-- Dataset follows --

lemma tens_pairing_mult_comult:
  "tens_pairing (lin (\<lambda>(k, l). tens (m c k) (bv l)) (cm c')) a b
     = ksign (deg c * deg c') * ipl ip (bv c') (lin (m c) (m a b))"
proof -
  have S: "lookup (cm c') p * lookup (m c a) j * (ksign (deg (snd p) * deg a) * ksign (deg c * deg (fst p)))
      = lookup (cm c') p * lookup (m c a) j * (ksign (deg c * deg c') * ksign (deg (snd p) * deg j))" for p :: "'c \<times> 'c" and j
  proof (cases "lookup (cm c') p = 0 \<or> lookup (m c a) j = 0")
    case False
    then have "p \<in> keys (cm c')" "j \<in> keys (m c a)" by (auto simp: in_keys_iff)
    then have d1: "deg (fst p) + deg (snd p) = deg c'" and d2: "deg j = deg c + deg a"
      using homogD[OF comult_homog] homogD[OF mult_homog] by (auto simp: tdeg_def)
    have "ksign (deg (snd p) * deg a) * ksign (deg c * deg (fst p)) = ksign (deg c * deg c') * ksign (deg (snd p) * deg j)"
      by (rule ksign_mult_eq2) (simp add: d1[symmetric] d2 algebra_simps)
    then show ?thesis by simp
  qed auto
  have "tens_pairing (lin (\<lambda>(k, l). tens (m c k) (bv l)) (cm c')) a b = (\<Sum>p\<in>UNIV. lookup (cm c') p * (ksign (deg (snd p) * deg a) * ipl ip (m c (fst p)) (bv a) * ip (snd p) b))"
    by (simp add: tens_pairing_lin case_prod_beta tens_pairing_tens_bv)
  also have "\<dots> = (\<Sum>p\<in>UNIV. \<Sum>j\<in>UNIV. lookup (cm c') p * lookup (m c a) j * (ksign (deg (snd p) * deg a) * ksign (deg c * deg (fst p))) * (ip (fst p) j * ip (snd p) b))"
  proof (rule sum.cong[OF refl])
    fix p :: "'c \<times> 'c"
    have "ipl ip (m c (fst p)) (bv a) = ksign (deg c * deg (fst p)) * ipl ip (bv (fst p)) (m c a)"
      by (subst mult_commute) (simp add: ipl_sc_left ip_invariant)
    then show "lookup (cm c') p * (ksign (deg (snd p) * deg a) * ipl ip (m c (fst p)) (bv a) * ip (snd p) b)
       = (\<Sum>j\<in>UNIV. lookup (cm c') p * lookup (m c a) j * (ksign (deg (snd p) * deg a) * ksign (deg c * deg (fst p))) * (ip (fst p) j * ip (snd p) b))"
      by (simp add: ipl_bv_left sum_distrib_left sum_distrib_right mult_ac)
  qed
  also have "\<dots> = (\<Sum>p\<in>UNIV. \<Sum>j\<in>UNIV. lookup (cm c') p * lookup (m c a) j * (ksign (deg c * deg c') * ksign (deg (snd p) * deg j)) * (ip (fst p) j * ip (snd p) b))"
    by (simp only: S)
  also have "\<dots> = (\<Sum>j\<in>UNIV. \<Sum>p\<in>UNIV. lookup (cm c') p * lookup (m c a) j * (ksign (deg c * deg c') * ksign (deg (snd p) * deg j)) * (ip (fst p) j * ip (snd p) b))"
    by (rule sum.swap)
  also have "\<dots> = ksign (deg c * deg c') * (\<Sum>j\<in>UNIV. lookup (m c a) j * tens_pairing (cm c') j b)"
    unfolding tens_pairing_def by (simp add: sum_distrib_left mult_ac)
  also have "\<dots> = ksign (deg c * deg c') * (\<Sum>j\<in>UNIV. lookup (m c a) j * ipl ip (bv c') (m j b))"
    by (simp add: tens_pairing_comult)
  also have "\<dots> = ksign (deg c * deg c') * ipl ip (bv c') (lin (\<lambda>j. m j b) (m c a))"
    by (simp add: ipl_lin_right)
  also have "\<dots> = ksign (deg c * deg c') * ipl ip (bv c') (lin (m c) (m a b))"
    by (simp add: mult_lin_assoc)
  finally show ?thesis .
qed

text \<open>The Frobenius relation: paired with any \<open>a \<otimes> b\<close>, both sides reduce to \<open>\<langle>c', c a b\<rangle>\<close> up to the same sign,
  by invariance of the inner product and associativity.\<close>

lemma comult_mult_left: "lin cm (m c c') = lin (\<lambda>(k, l). tens (m c k) (bv l)) (cm c')"
proof -
  have "tens_pairing (lin cm (m c c') - lin (\<lambda>(k, l). tens (m c k) (bv l)) (cm c')) a b = 0" for a b
    by (simp add: tens_pairing_diff tens_pairing_comult_mult tens_pairing_mult_comult)
  then show ?thesis by (metis tens_pairing_nondegenerate right_minus_eq)
qed

lemma lin_comult_cong:
  "(\<And>k l. deg k + deg l = deg c \<Longrightarrow> F (k, l) = G (k, l)) \<Longrightarrow> lin F (cm c) = lin G (cm c)"
proof (rule lin_cong)
  fix p assume "\<And>k l. deg k + deg l = deg c \<Longrightarrow> F (k, l) = G (k, l)" "p \<in> keys (cm c)"
  moreover have "deg (fst p) + deg (snd p) = deg c"
    using homogD[OF comult_homog \<open>p \<in> keys (cm c)\<close>] by (simp add: tdeg_def)
  ultimately show "F p = G p" by (metis prod.collapse)
qed

lemma comult_mult_right: "lin cm (m c c') = lin (\<lambda>(k, l). sc (ksign (deg l * deg c')) (tens (m k c') (bv l))) (cm c)"
proof -
  have "lin cm (m c c') = sc (ksign (deg c * deg c')) (lin cm (m c' c))"
    by (subst mult_commute) (simp add: lin_sc)
  also have "\<dots> = sc (ksign (deg c * deg c')) (lin (\<lambda>(k, l). tens (m c' k) (bv l)) (cm c))"
    by (simp add: comult_mult_left)
  also have "\<dots> = lin (\<lambda>(k, l). sc (ksign (deg c * deg c')) (tens (m c' k) (bv l))) (cm c)"
    by (simp add: lin_sc_fun[symmetric] case_prod_beta')
  also have "\<dots> = lin (\<lambda>(k, l). sc (ksign (deg l * deg c')) (tens (m k c') (bv l))) (cm c)"
  proof (rule lin_comult_cong)
    fix k l assume d: "deg k + deg l = deg c"
    have "ksign (deg l * deg c') * ksign (deg k * deg c') = ksign (deg c * deg c')"
      by (rule ksign_mult_eq) (simp add: d[symmetric] algebra_simps)
    then show "(case (k, l) of (k, l) \<Rightarrow> sc (ksign (deg c * deg c')) (tens (m c' k) (bv l))) =
          (case (k, l) of (k, l) \<Rightarrow> sc (ksign (deg l * deg c')) (tens (m k c') (bv l)))"
      by (subst (2) mult_commute) (simp add: tens_sc_left)
  qed
  finally show ?thesis .
qed

lemma lin_comult_coassoc:
  "lin (\<lambda>(a, b). lin (\<lambda>(x, y). f x y b) (cm a)) (cm c) = lin (\<lambda>(a, b). lin (\<lambda>(y, z). f a y z) (cm b)) (cm c)"
proof -
  let ?F = "\<lambda>(a, q). (case q of (y, z) \<Rightarrow> f a y z)"
  have "lin ?F (lin (\<lambda>((a, b), k). bv (a, (b, k))) (lin (\<lambda>(a, b). tens (cm a) (bv b)) (cm c)))
      = lin ?F (lin (\<lambda>(a, b). tens (bv a) (cm b)) (cm c))"
    by (simp only: comult_coassoc)
  moreover have "lin ?F (lin (\<lambda>((a, b), k). bv (a, (b, k))) (lin (\<lambda>(a, b). tens (cm a) (bv b)) (cm c)))
      = lin (\<lambda>(a, b). lin (\<lambda>(x, y). f x y b) (cm a)) (cm c)"
    unfolding lin_lin by (rule lin_cong) (auto simp: lin_tens case_prod_beta')
  moreover have "lin ?F (lin (\<lambda>(a, b). tens (bv a) (cm b)) (cm c))
      = lin (\<lambda>(a, b). lin (\<lambda>(y, z). f a y z) (cm b)) (cm c)"
    unfolding lin_lin by (rule lin_cong) (auto simp: lin_tens case_prod_beta')
  ultimately show ?thesis by simp
qed

end

locale dg_alg_pair = C: dg_alg degC mC uC dC + H: dg_alg degH mH uH dH
  for degC :: "'c \<Rightarrow> int" and mC uC dC and degH :: "'h \<Rightarrow> int" and mH uH dH
begin

abbreviation tensor_mult :: "'c \<times> 'h \<Rightarrow> 'c \<times> 'h \<Rightarrow> ('c \<times> 'h) vec"
  where "tensor_mult \<equiv> tmul degC degH mC mH"
abbreviation tensor_diff :: "'c \<times> 'h \<Rightarrow> ('c \<times> 'h) vec"
  where "tensor_diff \<equiv> tdiff degC dC dH"

lemma lin_tensor_diff_tens:
  assumes "homog degC n X"
  shows "lin tensor_diff (tens X Y) = tens (lin dC X) Y + sc (ksign n) (tens X (lin dH Y))"
proof -
  have "lin tensor_diff (tens X Y) = lin (\<lambda>k. lin (\<lambda>l. tens (dC k) (bv l) + sc (ksign n) (tens (bv k) (dH l))) Y) X"
    unfolding lin_tens
  proof (rule lin_cong)
    fix k assume "k \<in> keys X"
    then have "degC k = n" by (rule homogD[OF assms])
    then show "lin (\<lambda>b. tensor_diff (k, b)) Y = lin (\<lambda>l. tens (dC k) (bv l) + sc (ksign n) (tens (bv k) (dH l))) Y"
      by (simp add: tdiff_def)
  qed
  also have "\<dots> = tens (lin dC X) Y + sc (ksign n) (tens X (lin dH Y))"
    by (simp only: lin_add_fun lin_sc_fun tens_lin_right[symmetric] lin_bv_self tens_lin_left[symmetric])
  finally show ?thesis .
qed

lemma tensor_diff_leibniz: "lin tensor_diff (tensor_mult (c, h) (c', h')) = lin (\<lambda>s. tensor_mult s (c', h')) (tensor_diff (c, h))
             + sc (ksign (degC c + degH h)) (lin (tensor_mult (c, h)) (tensor_diff (c', h')))"
proof -
  define A1 where "A1 = tens (lin (\<lambda>a. mC a c') (dC c)) (mH h h')"
  define A2 where "A2 = tens (lin (mC c) (dC c')) (mH h h')"
  define A3 where "A3 = tens (mC c c') (lin (\<lambda>l. mH l h') (dH h))"
  define A4 where "A4 = tens (mC c c') (lin (mH h) (dH h'))"
  have "lin tensor_diff (tensor_mult (c, h) (c', h')) = sc (ksign (degH h * degC c'))
     (tens (lin dC (mC c c')) (mH h h') + sc (ksign (degC c + degC c')) (tens (mC c c') (lin dH (mH h h'))))"
    by (simp only: tmul_pair lin_sc lin_tensor_diff_tens[OF C.mult_homog])
  also have "\<dots> = sc (ksign (degH h * degC c')) (A1 + sc (ksign (degC c)) A2
       + sc (ksign (degC c + degC c')) (A3 + sc (ksign (degH h)) A4))"
    by (simp only: C.diff_mult_leibniz H.diff_mult_leibniz tens_add_left tens_add_right tens_sc_left tens_sc_right A1_def A2_def A3_def A4_def)
  also have "\<dots> = sc (ksign (degH h * degC c')) A1 + sc (ksign (degH h * degC c') * ksign (degC c)) A2
       + sc (ksign (degH h * degC c') * ksign (degC c + degC c')) A3
       + sc (ksign (degH h * degC c') * ksign (degC c + degC c') * ksign (degH h)) A4"
    by (simp only: sc_add_right sc_sc mult.assoc add.assoc)
  finally have L: "lin tensor_diff (tensor_mult (c, h) (c', h')) = \<dots>" .
  have r1: "lin (\<lambda>s. tensor_mult s (c', h')) (tens (dC c) (bv h)) = sc (ksign (degH h * degC c')) A1"
    unfolding lin_tens lin_tmul_right[OF homog_bv[THEN iffD2, OF refl]] A1_def by simp
  have r2: "lin (\<lambda>s. tensor_mult s (c', h')) (tens (bv c) (dH h)) = sc (ksign ((degH h - 1) * degC c')) A3"
    unfolding lin_tens lin_tmul_right[OF H.diff_homog] A3_def by simp
  have r3: "lin (tensor_mult (c, h)) (tens (dC c') (bv h')) = sc (ksign (degH h * (degC c' - 1))) A2"
    unfolding lin_tens lin_tmul_left[OF C.diff_homog] A2_def by simp
  have r4: "lin (tensor_mult (c, h)) (tens (bv c') (dH h')) = sc (ksign (degH h * degC c')) A4"
    unfolding lin_tens lin_tmul_left[OF homog_bv[THEN iffD2, OF refl]] A4_def by simp
  have "lin (\<lambda>s. tensor_mult s (c', h')) (tensor_diff (c, h)) + sc (ksign (degC c + degH h)) (lin (tensor_mult (c, h)) (tensor_diff (c', h')))
     = sc (ksign (degH h * degC c')) A1 + sc (ksign (degC c) * ksign ((degH h - 1) * degC c')) A3
       + (sc (ksign (degC c + degH h) * ksign (degH h * (degC c' - 1))) A2
          + sc (ksign (degC c + degH h) * ksign (degC c') * ksign (degH h * degC c')) A4)"
    unfolding tdiff_def fst_conv snd_conv
    by (simp only: lin_add lin_sc r1 r2 r3 r4 sc_add_right sc_sc mult.assoc)
  moreover have "ksign (degC c) * ksign ((degH h - 1) * degC c') = ksign (degH h * degC c') * ksign (degC c + degC c')"
    by (rule ksign_mult_eq2) (simp add: algebra_simps)
  moreover have "ksign (degC c + degH h) * ksign (degH h * (degC c' - 1)) = ksign (degH h * degC c') * ksign (degC c)"
    by (rule ksign_mult_eq2) (simp add: algebra_simps)
  moreover have "ksign (degC c + degH h) * ksign (degC c') * ksign (degH h * degC c')
      = ksign (degH h * degC c') * ksign (degC c + degC c') * ksign (degH h)"
    by (simp add: ksign_add mult_ac)
  ultimately show ?thesis unfolding L by (simp only: add_ac mult.assoc)
qed

lemma tensor_diff_square: "lin tensor_diff (tensor_diff p) = 0"
proof -
  obtain c h where p: "p = (c, h)" by fastforce
  have "lin tensor_diff (tensor_diff p) = (tens (lin dC (dC c)) (bv h) + sc (ksign (degC c - 1)) (tens (dC c) (dH h)))
      + sc (ksign (degC c)) (tens (dC c) (dH h) + sc (ksign (degC c)) (tens (bv c) (lin dH (dH h))))"
    unfolding p tdiff_def fst_conv snd_conv lin_add lin_sc lin_tensor_diff_tens[OF C.diff_homog] lin_tensor_diff_tens[OF homog_bv[THEN iffD2, OF refl]]
    by simp
  also have "\<dots> = 0"
  proof -
    have "ksign (degC c - 1) = - ksign (degC c)" by (simp add: ksign_neg_iff)
    then show ?thesis by (simp add: C.diff_diff_zero H.diff_diff_zero sc_minus_left sc_add_right)
  qed
  finally show ?thesis .
qed

lemma homog_tensor_diff: "homog (tdeg degC degH) (tdeg degC degH p - 1) (tensor_diff p)"
proof -
  obtain c h where p: "p = (c, h)" by fastforce
  have "homog (tdeg degC degH) (degC c - 1 + degH h) (tens (dC c) (bv h))"
    by (rule homog_tens[OF C.diff_homog homog_bv[THEN iffD2, OF refl]])
  moreover have "homog (tdeg degC degH) (degC c + (degH h - 1)) (tens (bv c) (dH h))"
    by (rule homog_tens[OF homog_bv[THEN iffD2, OF refl] H.diff_homog])
  ultimately show ?thesis
    unfolding p tdiff_def fst_conv snd_conv tdeg_def
    by (intro homog_add homog_sc) (simp_all add: algebra_simps)
qed

end

section \<open>The twisted differential\<close>

locale twisted_tensor = dg_alg_pair degC mC uC dC degH mH uH dH + C: frobenius_coalg degC mC uC dC ip cmC
  for degC :: "'c::finite \<Rightarrow> int" and mC uC dC ip cmC and degH :: "'h \<Rightarrow> int" and mH uH dH
  + fixes \<tau> :: "'c \<Rightarrow> 'h vec"
  assumes cocomm: "cocommutative degC cmC"
    and tw: "twisting_cochain degC cmC dC degH mH dH \<tau>"
begin

lemma cocommutative_comult: "lin (\<lambda>(a, b). sc (ksign (degC a * degC b)) (bv (b, a))) (cmC c) = cmC c"
  using cocomm unfolding cocommutative_def by blast

lemma tau_homog: "homog degH (degC c - 1) (\<tau> c)"
  using tw unfolding twisting_cochain_def by blast

lemma twisting_eq:
  "lin dH (\<tau> c) + lin \<tau> (dC c) + lin (\<lambda>(a, b). sc (ksign (degC a)) (lin2 mH (\<tau> a) (\<tau> b))) (cmC c) = 0"
  using tw unfolding twisting_cochain_def by blast

abbreviation D :: "'c \<times> 'h \<Rightarrow> ('c \<times> 'h) vec" where "D \<equiv> twisted_diff degC cmC dC degH mH dH \<tau>"

definition twist :: "'c \<times> 'h \<Rightarrow> ('c \<times> 'h) vec" where
  "twist p = lin (\<lambda>(a, b). sc (ksign (degC a)) (tens (bv a) (H.br (\<tau> b) (snd p)))) (cmC (fst p))"

lemma twisted_diff_eq: "twisted_diff degC cmC dC degH mH dH \<tau> p = tensor_diff p + twist p"
  by (simp add: twisted_diff_def twist_def)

-- Dataset concluded --

The problem
Go through the listing above and write out exactly the lines starting with the one holding "proof (rule lin_comult_cong)" and running through the one holding "by (simp only: comult_coassoc)", ends included, and no others.

Result of the task
  proof (rule lin_comult_cong)
    fix k l assume d: "deg k + deg l = deg c"
    have "ksign (deg l * deg c') * ksign (deg k * deg c') = ksign (deg c * deg c')"
      by (rule ksign_mult_eq) (simp add: d[symmetric] algebra_simps)
    then show "(case (k, l) of (k, l) \<Rightarrow> sc (ksign (deg c * deg c')) (tens (m c' k) (bv l))) =
          (case (k, l) of (k, l) \<Rightarrow> sc (ksign (deg l * deg c')) (tens (m k c') (bv l)))"
      by (subst (2) mult_commute) (simp add: tens_sc_left)
  qed
  finally show ?thesis .
qed

lemma lin_comult_coassoc:
  "lin (\<lambda>(a, b). lin (\<lambda>(x, y). f x y b) (cm a)) (cm c) = lin (\<lambda>(a, b). lin (\<lambda>(y, z). f a y z) (cm b)) (cm c)"
proof -
  let ?F = "\<lambda>(a, q). (case q of (y, z) \<Rightarrow> f a y z)"
  have "lin ?F (lin (\<lambda>((a, b), k). bv (a, (b, k))) (lin (\<lambda>(a, b). tens (cm a) (bv b)) (cm c)))
      = lin ?F (lin (\<lambda>(a, b). tens (bv a) (cm b)) (cm c))"
    by (simp only: comult_coassoc)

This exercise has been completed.